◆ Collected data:
-=-=-

lemma independent_hom_basis: "fun_vs.independent (hom_basis segs ` hom_pairs segs)"
  unfolding fun_vs.dependent_finite[OF finite_imageI[OF finite_hom_pairs]]
proof
  assume "\<exists>u. (\<exists>v\<in>hom_basis segs ` hom_pairs segs. u v \<noteq> 0) \<and>
    (\<Sum>v\<in>hom_basis segs ` hom_pairs segs. (\<lambda>z. u v * v z)) = 0"
  then obtain u st where zero: "(\<Sum>v\<in>hom_basis segs ` hom_pairs segs. (\<lambda>z. u v * v z)) = 0"
    and st: "st \<in> hom_pairs segs" and nz: "u (hom_basis segs st) \<noteq> 0"
    by blast
  have "(\<Sum>st'\<in>hom_pairs segs. (\<lambda>z. u (hom_basis segs st') * hom_basis segs st' z)) = 0"
    using zero sum.reindex[OF inj_on_hom_basis, of "\<lambda>v z. u v * v z"] by (simp add: comp_def)
  then have "(\<Sum>st'\<in>hom_pairs segs. (\<lambda>z. u (hom_basis segs st') * hom_basis segs st' z)) (hom_pivot segs st) = 0"
    by simp
  then have "(\<Sum>st'\<in>hom_pairs segs. u (hom_basis segs st') * hom_basis segs st' (hom_pivot segs st)) = 0"
    by (simp only: sum_fun_apply)
  moreover have "(\<Sum>st'\<in>hom_pairs segs. u (hom_basis segs st') * hom_basis segs st' (hom_pivot segs st))
      = (\<Sum>st'\<in>hom_pairs segs. if st' = st then u (hom_basis segs st') else 0)"
    by (rule sum.cong) (simp_all add: hom_basis_pivot[OF st])
  ultimately have "u (hom_basis segs st) = 0"
    using st finite_hom_pairs by (simp add: sum.delta')
  with nz show False by contradiction
qed

lemma dim_centralizer: "fun_vs.dim (centralizer segs) = card (hom_pairs segs)"
proof -
  have "centralizer segs \<subseteq> fun_vs.span (hom_basis segs ` hom_pairs segs)"
  proof
    fix Y assume "Y \<in> centralizer segs"
    then have "Y = (\<Sum>st\<in>hom_pairs segs. (\<lambda>z. Y (hom_pivot segs st) * hom_basis segs st z))"
      by (rule centralizer_expansion)
    also have "\<dots> \<in> fun_vs.span (hom_basis segs ` hom_pairs segs)"
      by (intro fun_vs.span_sum fun_vs.span_scale fun_vs.span_base) auto
    finally show "Y \<in> fun_vs.span (hom_basis segs ` hom_pairs segs)" .
  qed
  then have "card (hom_basis segs ` hom_pairs segs) = fun_vs.dim (centralizer segs)"
    using hom_basis_in_centralizer independent_hom_basis by (intro fun_vs.basis_card_eq_dim) auto
  then show ?thesis
    by (simp add: card_image[OF inj_on_hom_basis])
qed

section \<open>Orbit dimensions of multisegments\<close>

definition seg_overlap :: "int \<times> int \<Rightarrow> int \<times> int \<Rightarrow> nat" where
  "seg_overlap x y = card ({fst x..snd x} \<inter> {fst y..snd y})"

definition orbit_dim_term :: "int \<times> int \<Rightarrow> int \<times> int \<Rightarrow> int" where
  "orbit_dim_term x y = int (seg_overlap x y) - of_bool (seg_hom x y)"
lemma unit_interval_mass_unbounded:
  assumes m: "0 < m"
  shows "\<exists>N. real m powr (1 / p) \<le> 4 * K * (\<Sum>j<N. \<integral>t. \<bar>x j t\<bar> * indicator {c..<c+1} t \<partial>lborel)"
proof -
  define T where "T n k = (\<Sum>j<n. \<integral>t. \<bar>x j t\<bar> * indicator (subinterval c m k) t \<partial>lborel)" for n k
  have "measure lborel (subinterval c m k) = 1 / m" for k
    using emeasure_subinterval[OF m] by (simp add: measure_def)
  then have "\<exists>n. 1 / m \<le> 4 * K * (1 / m) powr (1 / p) * T n k" for k
    using measure_le_mass[OF subinterval_finite_measure(1,2)[of c m k]] m unfolding T_def by simp
  then obtain n where n: "\<And>k. 1 / m \<le> 4 * K * (1 / m) powr (1 / p) * T (n k) k" by metis
  define N where "N = (\<Sum>k<m. n k)"
  have "T (n k) k \<le> T N k" if "k < m" for k
    unfolding T_def N_def using that
    by (intro sum_mono2) (auto intro!: integral_nonneg_AE member_le_sum)
  moreover have "0 \<le> 4 * K * (1 / m) powr (1 / p)" using K(1) by simp
  ultimately have "1 / m \<le> 4 * K * (1 / m) powr (1 / p) * T N k" if "k < m" for k
    using n[of k] that by (meson mult_left_mono order_trans)
  then have "(\<Sum>k<m. 1 / real m) \<le> (\<Sum>k<m. 4 * K * (1 / m) powr (1 / p) * T N k)"
    by (intro sum_mono) auto
  also have "\<dots> = 4 * K * (1 / m) powr (1 / p) * (\<Sum>j<N. \<Sum>k<m. \<integral>t. \<bar>x j t\<bar> * indicator (subinterval c m k) t \<partial>lborel)"
    unfolding T_def by (simp add: sum_distrib_left sum.swap[of _ "{..<m}"])
  also have "(\<Sum>j<N. \<Sum>k<m. \<integral>t. \<bar>x j t\<bar> * indicator (subinterval c m k) t \<partial>lborel)
      = (\<Sum>j<N. \<integral>t. \<bar>x j t\<bar> * indicator {c..<c+1} t \<partial>lborel)"
    using in_Lp_integrable_on(1)[OF p in_Lp_x] by (intro sum.cong sum_integral_subinterval[OF m]) auto
  finally have "1 \<le> 4 * K * (1 / m) powr (1 / p) * (\<Sum>j<N. \<integral>t. \<bar>x j t\<bar> * indicator {c..<c+1} t \<partial>lborel)"
    using m by simp
  then have "real m powr (1 / p) * 1 \<le> real m powr (1 / p) * (4 * K * (1 / m) powr (1 / p)
      * (\<Sum>j<N. \<integral>t. \<bar>x j t\<bar> * indicator {c..<c+1} t \<partial>lborel))"
    by (intro mult_left_mono) auto
  also have "\<dots> = 4 * K * (\<Sum>j<N. \<integral>t. \<bar>x j t\<bar> * indicator {c..<c+1} t \<partial>lborel)"
    using m by (simp add: powr_divide)
  finally show ?thesis by auto
qed

end
theorem hall_marriage:
  assumes "finite I" "\<And>i. i \<in> I \<Longrightarrow> finite (A i)" "hall_condition I A"
  shows "\<exists>f. sdr I A f"
  using assms
proof (induction "card I" arbitrary: I A rule: less_induct)
  case less
  consider "I = {}"
    | J where "J \<subseteq> I" "J \<noteq> {}" "J \<noteq> I" "card (\<Union> (A ` J)) = card J"
    | "I \<noteq> {}" "\<not> (\<exists>J. J \<subseteq> I \<and> J \<noteq> {} \<and> J \<noteq> I \<and> card (\<Union> (A ` J)) = card J)"
    by blast
  then show ?case
  proof cases
    case 1
    then show ?thesis by (auto simp: sdr_def)
  next
    case (2 J)
    note card_less = card_proper_subset_and_complement_less[OF less.prems(1) 2(1-3)]
    have "finite J" using 2(1) less.prems(1) finite_subset by blast
    have "\<exists>f. sdr J A f"
    proof (rule less.hyps[OF card_less(1) \<open>finite J\<close>])
      show "finite (A i)" if "i \<in> J" for i using that 2(1) less.prems(2) by blast
    qed (rule hall_condition_subset[OF less.prems(3) 2(1)])
    then obtain f where "sdr J A f" by blast
    moreover have "\<exists>g. sdr (I - J) (\<lambda>i. A i - \<Union> (A ` J)) g"
    proof (rule less.hyps[OF card_less(2)])
      show "finite (A i - \<Union> (A ` J))" if "i \<in> I - J" for i using less.prems(2) that by simp
    qed (use less.prems(1) hall_condition_outside_critical[OF less.prems 2(1,4)] in auto)
    then obtain g where "sdr (I - J) (\<lambda>i. A i - \<Union> (A ` J)) g" by blast
    ultimately have "sdr I A (\<lambda>i. if i \<in> J then f i else g i)" by (rule sdr_combine)
    then show ?thesis by blast
  next
    case 3
    then obtain i0 where i0: "i0 \<in> I" by blast
    then have "A i0 \<noteq> {}" using hall_conditionD[OF less.prems(3), of "{i0}"] by auto
    then obtain y where y: "y \<in> A i0" by blast
    have "\<exists>g. sdr (I - {i0}) (\<lambda>i. A i - {y}) g"
    proof (rule less.hyps)
      show "card (I - {i0}) < card I" using less.prems(1) i0 by (rule card_Diff1_less)
      show "finite (A i - {y})" if "i \<in> I - {i0}" for i using less.prems(2) that by simp
      show "hall_condition (I - {i0}) (\<lambda>i. A i - {y})"
        using less.prems 3(2) i0 by (rule hall_condition_remove_one)
    qed (use less.prems(1) in simp)
    then obtain g where "sdr (I - {i0}) (\<lambda>i. A i - {y}) g" by blast
    then have "sdr I A (g(i0 := y))" using y by (rule sdr_fun_upd)
    then show ?thesis by blast
  qed
qed

lemma fully_indecomposableD:
  assumes "fully_indecomposable Z R C"
  shows "card R = card C" "R \<noteq> {}"
    and "\<And>S T. S \<subseteq> R \<Longrightarrow> T \<subseteq> C \<Longrightarrow> S \<noteq> {} \<Longrightarrow> T \<noteq> {} \<Longrightarrow>
           card R \<le> card S + card T \<Longrightarrow> \<exists>j\<in>S. \<exists>l\<in>T. Z j l"
  using assms by (simp_all add: fully_indecomposable_def)

lemma fully_indecomposable_hall_condition:
  assumes FI: "fully_indecomposable Z R C" and "finite C" and "a \<in> R" "l \<in> C"
  shows "hall_condition (R - {a}) (\<lambda>x. {y \<in> C - {l}. Z x y})"
  unfolding hall_condition_def
proof (intro allI impI)
  fix J assume J: "J \<subseteq> R - {a}"
  define N where "N = {y \<in> C. \<exists>x\<in>J. Z x y}"
  have union: "(\<Union>x\<in>J. {y \<in> C - {l}. Z x y}) = N - {l}" by (auto simp: N_def)
  have finN: "finite N" "N \<subseteq> C" using \<open>finite C\<close> by (auto simp: N_def)
  have cardR: "card R = card C" using FI by (rule fully_indecomposableD)
  have "0 < card C" using \<open>l \<in> C\<close> \<open>finite C\<close> by (auto simp: card_gt_0_iff)
  then have "finite R" using cardR by (intro card_ge_0_finite) simp
  then have "card J \<le> card (R - {a})" using J by (intro card_mono) auto
  then have cardJ: "card J \<le> card R - 1" using \<open>a \<in> R\<close> by simp
  have "card J \<le> card N - 1"
  proof (cases "J = {} \<or> N = C")
    case True
    then show ?thesis using cardJ cardR by auto
  next
    case False
    then have "\<not> (\<exists>j\<in>J. \<exists>y\<in>C - N. Z j y)" "J \<noteq> {}" "C - N \<noteq> {}"
      using finN(2) by (auto simp: N_def)
    then have "\<not> card R \<le> card J + card (C - N)"
      using fully_indecomposableD(3)[OF FI, of J "C - N"] J by blast
    moreover have "card (C - N) = card C - card N" "card N \<le> card C"
      using finN \<open>finite C\<close> by (auto simp: card_Diff_subset card_mono)
    ultimately show ?thesis using cardR by linarith
  qed
  then show "card J \<le> card (\<Union>x\<in>J. {y \<in> C - {l}. Z x y})"
    unfolding union using finN by (auto simp: card_Diff_singleton_if)
qed

lemma fully_indecomposable_entry_on_transversal:
  assumes FI: "fully_indecomposable Z R C" and "finite C"
    and "a \<in> R" "l \<in> C" "Z a l"
  obtains \<sigma> where "bij_betw \<sigma> R C" "\<And>x. x \<in> R \<Longrightarrow> Z x (\<sigma> x)" "\<sigma> a = l"
proof -
  have cardR: "card R = card C" using FI by (rule fully_indecomposableD)
  have "0 < card C" using \<open>l \<in> C\<close> \<open>finite C\<close> by (auto simp: card_gt_0_iff)
  then have "finite R" using cardR by (intro card_ge_0_finite) simp
  then have "\<exists>f. sdr (R - {a}) (\<lambda>x. {y \<in> C - {l}. Z x y}) f"
    using fully_indecomposable_hall_condition[OF FI \<open>finite C\<close> \<open>a \<in> R\<close> \<open>l \<in> C\<close>] \<open>finite C\<close>
    by (intro hall_marriage) auto
  then obtain f where f: "inj_on f (R - {a})" "\<forall>x\<in>R - {a}. f x \<in> {y \<in> C - {l}. Z x y}"
    unfolding sdr_def by blast
  define \<sigma> where "\<sigma> = f(a := l)"
  have "l \<notin> f ` (R - {a})" using f(2) by blast
  with f(1) have "inj_on \<sigma> R" unfolding \<sigma>_def by (rule inj_on_fun_upd_extend)
  moreover have "\<sigma> ` R \<subseteq> C" using f \<open>l \<in> C\<close> by (auto simp: \<sigma>_def)
  ultimately have "bij_betw \<sigma> R C"
    using cardR \<open>finite C\<close> by (simp add: bij_betw_def card_image card_subset_eq)
  moreover have "\<forall>x\<in>R. Z x (\<sigma> x)" using f \<open>Z a l\<close> by (auto simp: \<sigma>_def)
  ultimately show thesis using that by (simp add: \<sigma>_def)
qed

-=-=-

◆ TASK GOAL: Above are the entries; copy out every line among them that contains the word "cong".

◆ YOUR SOLUTION:
    by (rule sum.cong) (simp_all add: hom_basis_pivot[OF st])
    using in_Lp_integrable_on(1)[OF p in_Lp_x] by (intro sum.cong sum_integral_subinterval[OF m]) auto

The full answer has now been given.